Amid unprecedented volatility levels across asset classes, the few opportunities to be found were in short-term directional trends in the commodity and currency markets. True to form, managed futures and macro strategies turned in the best returns for the month (ie marginally positive and least negative, respectively).
The chart below shows the current-month, previous-month and year-to-date returns across strategies, while the following sections take a closer look at individual strategies.
A) Arbitrage and Relative Value
September marked the worst month for arbitrage (-4.2%) and relative value (-3.1%) strategies in the nine years that we have been tracking hedge fund performance. The negative performance was driven by illiquidity, liquidations of bankrupt entities, unwinding of portfolios, the ban on short sales and investor redemptions.
Several of the managers were faced with significant selling pressure on their long positions and short squeezes on their shorts. Allocations to equity market neutral and statistical arbitrage also detracted from results due to losses on both longs and shorts across regions and trading timeframes.
Across regions, North American and Asian allocations were similarly hit, booking losses of nearly 6% on the month but European managers were better positioned to weather the spike in volatility, and long-volatility trades helped shore up the regional average.
B) Long/Short Equities and Event-driven
September was a brutal month for equity-focused strategies as volatility spiked dramatically, the markets were unduly driven by technicals, and steady de-leveraging over the past few months diluted the performance of market neutral funds. Also, the profitability of long and short positions on the capital structures of troubled financials became reliant on the unpredictable bailouts doled out by the US government, and North American long/short and event-driven (capital structure arbitrage) managers were particularly hit as a result; the latter lost a whopping 8% on the month.
Long/short managers allocating to emerging markets, however, were the worst hit as the month’s dramatic sell-off in world equities had a more pronounced effect on emerging market equities; the MSCI Asia ex-Japan Index fell 16.7%. Real estate and banking linked sectors saw sharp erosion in value among Hong Kong (-15.3%), Singapore (-13.9%) and Indian (-13%) equities. China was a relative exception, with the Shanghai Composite falling 4.3%, owing to policy measures by the Chinese government to ease lending squeezes and risk aversion.
Japanese equities also fell due to a record 22% slump in Japanese exports to the US during the previous month (the TOPIX was down 13.3% for September).

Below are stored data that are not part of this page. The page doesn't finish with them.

(* Let $G$ be an infinite group and let $k$ be a field. Then for every integer $n\ge1$ the following are equivalent: (i) every stably injective $\tau\in\mathrm{LNUCA}_c(G,k^n)$ is surjective; (ii) the ring $\mathrm{LNUCA}_c(G,k^n)$ is directly finite; (iii) the ring $M_n(D^1(k[G]))$ is directly finite.
   Context: For $V=k^n$, $g\in G$, $x\in V^G$: $(gx)(h)=x(g^{-1}h)$. For finite $M\subset G$, $S=\mathcal{L}(V^M,V)$, $s\in S^G$: $\sigma_s(x)(g)=s(g)((g^{-1}x)\vert_M)$. $\mathrm{LNUCA}_c(G,V)$ is the set of $\sigma_s$ with $M$ finite and $s$ constant outside a finite subset of $G$; it is a ring with pointwise addition and composition. $\Sigma(s)$ is the closure of $\{gs:g\in G\}$ in $S^G$ (prodiscrete topology); $\sigma_s$ is stably injective if $\sigma_p$ is injective for all $p\in\Sigma(s)$. A ring is directly finite if $ab=1$ implies $ba=1$. $D^1(k[G])=k[G]\times(k[G])[G]$ ($(k[G])[G]$ = finitely supported maps $G\to k[G]$) with componentwise addition and multiplication $(\alpha_1,\beta_1)*(\alpha_2,\beta_2)=(\alpha_1\alpha_2,\alpha_1\beta_2+\beta_1\alpha_2+\beta_1\beta_2)$, where $\alpha_1\alpha_2$ is the group ring product and $(\alpha\beta)(g)(h)=\sum_t\alpha(t)\beta(gt)(t^{-1}h)$, $(\beta\alpha)(g)(h)=\sum_t\beta(g)(t)\alpha(t^{-1}h)$, $(\beta\gamma)(g)(h)=\sum_t\beta(g)(t)\gamma(gt)(t^{-1}h)$. *)

theory Defs
  imports Main "HOL-Library.Groups_Big_Fun"
begin

text \<open>The group G is a type 'g of class group_add (group operation
written +, identity 0, inverse uminus; no commutativity assumed). V = k^n is the type 'n => 'k for a finite index type 'n
(n = CARD('n) >= 1). Configurations x in V^G have type 'g => 'n => 'k.
A linear map V^M -> V (M finite subset of G) is represented by a k-linear map
phi : V^G -> V that depends only on the restriction to M.\<close>

definition cfg_linear :: "(('g \<Rightarrow> 'n \<Rightarrow> 'k::field) \<Rightarrow> ('n \<Rightarrow> 'k)) \<Rightarrow> bool" where
  "cfg_linear \<phi> \<longleftrightarrow>
     (\<forall>y z. \<phi> (\<lambda>h i. y h i + z h i) = (\<lambda>i. \<phi> y i + \<phi> z i)) \<and>
     (\<forall>c y. \<phi> (\<lambda>h i. c * y h i) = (\<lambda>i. c * \<phi> y i))"

definition local_on :: "'g set \<Rightarrow> (('g \<Rightarrow> 'v) \<Rightarrow> 'w) \<Rightarrow> bool" where
  "local_on M \<phi> \<longleftrightarrow> (\<forall>y z. (\<forall>m\<in>M. y m = z m) \<longrightarrow> \<phi> y = \<phi> z)"

definition lin_S :: "'g set \<Rightarrow> ((('g \<Rightarrow> 'n \<Rightarrow> 'k::field) \<Rightarrow> ('n \<Rightarrow> 'k))) set" where
  "lin_S M = {\<phi>. cfg_linear \<phi> \<and> local_on M \<phi>}"

text \<open>sigma_s(x)(g) = s(g)((g^-1 x)|_M), where (g^-1 x)(h) = x(g h).\<close>
definition sigma :: "('g::group_add \<Rightarrow> ('g \<Rightarrow> 'v) \<Rightarrow> 'v) \<Rightarrow> ('g \<Rightarrow> 'v) \<Rightarrow> ('g \<Rightarrow> 'v)" where
  "sigma s x = (\<lambda>g. s g (\<lambda>h. x (g + h)))"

Event-driven managers also suffered (-6%) as merger arbitrage spreads widened across the board, irrespective of how short the time to deal closure was or whether financing was an issue, and non-merger event names were caught in the market-wide sell-off. Similarly, equity restructurings experienced significant negative returns as widening holding company spreads as well as long position losses across all regions offset positive returns from outright stock shorts, and index and option hedges.
C) Fixed Income and Distressed Debt
Fixed income (-4.3%) and distressed debt (-4%) too were material detractors from performance as long positions declined across every sector on intense selling pressure in both distressed bonds and bank loans. On the other hand, reduced levels of leverage and short-term tactical trades helped fixed income arbitrageurs protect capital and turn in marginal gains, but these short positions and high cash balances could not fully offset the long position losses.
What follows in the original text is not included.